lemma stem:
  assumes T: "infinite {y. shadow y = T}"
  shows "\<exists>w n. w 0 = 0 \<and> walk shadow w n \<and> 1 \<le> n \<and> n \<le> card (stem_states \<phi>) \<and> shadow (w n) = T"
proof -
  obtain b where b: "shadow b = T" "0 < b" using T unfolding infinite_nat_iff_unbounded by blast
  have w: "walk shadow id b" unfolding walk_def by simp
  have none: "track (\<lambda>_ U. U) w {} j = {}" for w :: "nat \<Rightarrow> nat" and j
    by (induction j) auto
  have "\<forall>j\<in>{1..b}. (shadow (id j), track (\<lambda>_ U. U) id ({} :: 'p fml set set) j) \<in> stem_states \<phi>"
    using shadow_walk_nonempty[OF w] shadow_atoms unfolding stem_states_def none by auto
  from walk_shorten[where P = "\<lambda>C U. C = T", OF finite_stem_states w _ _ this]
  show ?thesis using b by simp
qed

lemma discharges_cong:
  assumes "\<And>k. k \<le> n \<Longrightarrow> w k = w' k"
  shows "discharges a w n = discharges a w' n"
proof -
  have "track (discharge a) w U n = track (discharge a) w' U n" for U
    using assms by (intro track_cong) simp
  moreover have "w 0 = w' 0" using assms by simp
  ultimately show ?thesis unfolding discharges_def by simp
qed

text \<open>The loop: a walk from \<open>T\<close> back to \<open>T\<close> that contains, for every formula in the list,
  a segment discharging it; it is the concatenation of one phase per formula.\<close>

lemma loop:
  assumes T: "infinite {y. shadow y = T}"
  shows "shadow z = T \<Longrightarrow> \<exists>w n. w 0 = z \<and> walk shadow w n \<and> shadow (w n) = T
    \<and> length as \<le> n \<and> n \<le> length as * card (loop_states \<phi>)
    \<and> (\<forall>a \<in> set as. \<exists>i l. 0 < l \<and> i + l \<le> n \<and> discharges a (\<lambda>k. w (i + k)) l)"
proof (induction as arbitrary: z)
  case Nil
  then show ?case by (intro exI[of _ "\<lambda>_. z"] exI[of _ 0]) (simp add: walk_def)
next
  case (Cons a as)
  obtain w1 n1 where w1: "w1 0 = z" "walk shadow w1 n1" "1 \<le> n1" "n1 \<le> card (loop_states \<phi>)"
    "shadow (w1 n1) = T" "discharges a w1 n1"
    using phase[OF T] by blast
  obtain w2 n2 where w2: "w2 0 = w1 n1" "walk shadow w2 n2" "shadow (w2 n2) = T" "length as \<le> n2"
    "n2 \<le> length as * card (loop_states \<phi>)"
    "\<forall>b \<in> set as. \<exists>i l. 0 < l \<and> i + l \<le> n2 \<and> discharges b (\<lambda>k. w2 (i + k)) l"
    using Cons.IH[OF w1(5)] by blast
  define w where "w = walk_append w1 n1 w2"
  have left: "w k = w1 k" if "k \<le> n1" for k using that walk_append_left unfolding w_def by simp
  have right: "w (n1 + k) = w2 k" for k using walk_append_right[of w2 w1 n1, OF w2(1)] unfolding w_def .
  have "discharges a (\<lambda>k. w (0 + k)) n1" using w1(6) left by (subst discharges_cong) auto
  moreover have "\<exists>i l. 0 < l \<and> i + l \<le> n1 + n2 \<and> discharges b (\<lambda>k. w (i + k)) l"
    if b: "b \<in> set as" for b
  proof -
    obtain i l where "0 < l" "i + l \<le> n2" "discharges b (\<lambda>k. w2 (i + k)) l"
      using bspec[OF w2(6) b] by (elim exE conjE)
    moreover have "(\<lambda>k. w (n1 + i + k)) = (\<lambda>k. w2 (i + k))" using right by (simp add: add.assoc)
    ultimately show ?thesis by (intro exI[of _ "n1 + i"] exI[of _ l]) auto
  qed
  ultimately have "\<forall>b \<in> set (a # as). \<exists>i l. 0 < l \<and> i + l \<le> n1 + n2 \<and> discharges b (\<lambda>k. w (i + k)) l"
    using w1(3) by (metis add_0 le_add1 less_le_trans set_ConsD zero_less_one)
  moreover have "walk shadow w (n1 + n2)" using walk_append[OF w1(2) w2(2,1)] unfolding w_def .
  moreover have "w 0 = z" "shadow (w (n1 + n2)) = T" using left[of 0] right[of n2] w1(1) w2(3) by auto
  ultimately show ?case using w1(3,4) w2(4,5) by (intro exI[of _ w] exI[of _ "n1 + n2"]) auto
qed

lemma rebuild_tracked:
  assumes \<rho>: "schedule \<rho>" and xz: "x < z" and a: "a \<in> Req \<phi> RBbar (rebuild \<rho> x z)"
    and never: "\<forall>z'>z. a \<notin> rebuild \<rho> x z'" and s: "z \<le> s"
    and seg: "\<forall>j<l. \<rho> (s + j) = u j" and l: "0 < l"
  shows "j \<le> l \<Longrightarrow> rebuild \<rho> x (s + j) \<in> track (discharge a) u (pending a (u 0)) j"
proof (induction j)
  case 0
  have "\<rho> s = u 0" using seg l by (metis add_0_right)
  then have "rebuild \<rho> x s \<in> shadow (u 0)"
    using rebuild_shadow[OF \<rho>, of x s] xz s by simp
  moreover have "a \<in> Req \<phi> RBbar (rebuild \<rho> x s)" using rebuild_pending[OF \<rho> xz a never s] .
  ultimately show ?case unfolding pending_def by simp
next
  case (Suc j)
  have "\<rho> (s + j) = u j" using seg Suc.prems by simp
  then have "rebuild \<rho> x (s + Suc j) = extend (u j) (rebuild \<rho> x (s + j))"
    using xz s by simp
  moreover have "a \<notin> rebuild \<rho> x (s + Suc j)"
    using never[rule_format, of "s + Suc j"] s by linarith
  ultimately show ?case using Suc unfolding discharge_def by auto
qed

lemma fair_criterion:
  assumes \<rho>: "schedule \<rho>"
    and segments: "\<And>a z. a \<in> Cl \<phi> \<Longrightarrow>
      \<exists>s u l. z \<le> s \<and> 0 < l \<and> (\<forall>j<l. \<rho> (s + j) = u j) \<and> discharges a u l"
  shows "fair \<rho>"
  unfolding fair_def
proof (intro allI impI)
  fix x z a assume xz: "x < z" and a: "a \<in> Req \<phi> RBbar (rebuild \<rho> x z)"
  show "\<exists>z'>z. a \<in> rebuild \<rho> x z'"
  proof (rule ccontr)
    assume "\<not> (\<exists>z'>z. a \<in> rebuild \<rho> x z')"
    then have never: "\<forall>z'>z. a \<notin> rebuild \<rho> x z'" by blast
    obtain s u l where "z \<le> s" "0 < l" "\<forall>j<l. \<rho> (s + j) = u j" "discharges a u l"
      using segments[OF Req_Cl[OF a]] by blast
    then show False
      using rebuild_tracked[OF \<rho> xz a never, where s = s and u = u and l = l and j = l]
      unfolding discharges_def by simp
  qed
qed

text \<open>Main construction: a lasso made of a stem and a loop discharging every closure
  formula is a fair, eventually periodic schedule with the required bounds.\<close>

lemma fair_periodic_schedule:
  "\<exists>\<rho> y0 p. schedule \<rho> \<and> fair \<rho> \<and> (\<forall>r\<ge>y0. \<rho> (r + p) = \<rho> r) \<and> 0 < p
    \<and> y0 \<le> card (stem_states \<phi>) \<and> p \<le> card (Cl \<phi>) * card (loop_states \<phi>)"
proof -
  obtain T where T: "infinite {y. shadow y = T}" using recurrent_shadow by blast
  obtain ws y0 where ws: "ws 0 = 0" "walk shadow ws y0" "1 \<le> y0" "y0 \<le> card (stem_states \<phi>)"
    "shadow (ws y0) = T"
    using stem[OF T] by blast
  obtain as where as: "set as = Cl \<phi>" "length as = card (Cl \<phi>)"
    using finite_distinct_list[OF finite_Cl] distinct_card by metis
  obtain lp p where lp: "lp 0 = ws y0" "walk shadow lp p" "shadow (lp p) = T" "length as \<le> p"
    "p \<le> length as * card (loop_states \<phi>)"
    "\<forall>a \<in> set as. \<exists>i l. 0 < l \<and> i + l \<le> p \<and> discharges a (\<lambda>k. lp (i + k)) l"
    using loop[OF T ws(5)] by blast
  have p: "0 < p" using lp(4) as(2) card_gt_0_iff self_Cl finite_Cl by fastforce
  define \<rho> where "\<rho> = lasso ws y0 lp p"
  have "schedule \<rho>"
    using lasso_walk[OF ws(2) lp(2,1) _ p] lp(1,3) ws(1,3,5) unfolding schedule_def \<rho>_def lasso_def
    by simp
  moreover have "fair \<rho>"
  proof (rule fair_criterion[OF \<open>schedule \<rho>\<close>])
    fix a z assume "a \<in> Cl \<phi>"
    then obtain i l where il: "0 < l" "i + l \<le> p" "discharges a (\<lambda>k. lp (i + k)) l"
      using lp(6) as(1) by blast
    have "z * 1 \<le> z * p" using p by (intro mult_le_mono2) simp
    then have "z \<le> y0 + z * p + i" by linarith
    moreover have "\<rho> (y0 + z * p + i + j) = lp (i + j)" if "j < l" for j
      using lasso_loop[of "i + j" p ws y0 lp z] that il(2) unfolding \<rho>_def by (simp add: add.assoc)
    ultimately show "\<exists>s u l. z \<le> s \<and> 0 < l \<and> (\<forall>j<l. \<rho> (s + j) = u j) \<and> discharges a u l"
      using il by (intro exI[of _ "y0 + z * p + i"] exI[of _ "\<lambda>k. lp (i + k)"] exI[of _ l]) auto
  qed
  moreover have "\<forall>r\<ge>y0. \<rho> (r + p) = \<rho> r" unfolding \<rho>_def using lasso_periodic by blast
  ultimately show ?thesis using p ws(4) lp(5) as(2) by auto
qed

> **Exercise**
Write out, exactly and with nothing else, the lines of the listing above from its first line through the line with "obtain b where".

> **Task solution**
lemma stem:
  assumes T: "infinite {y. shadow y = T}"
  shows "\<exists>w n. w 0 = 0 \<and> walk shadow w n \<and> 1 \<le> n \<and> n \<le> card (stem_states \<phi>) \<and> shadow (w n) = T"
proof -
  obtain b where b: "shadow b = T" "0 < b" using T unfolding infinite_nat_iff_unbounded by blast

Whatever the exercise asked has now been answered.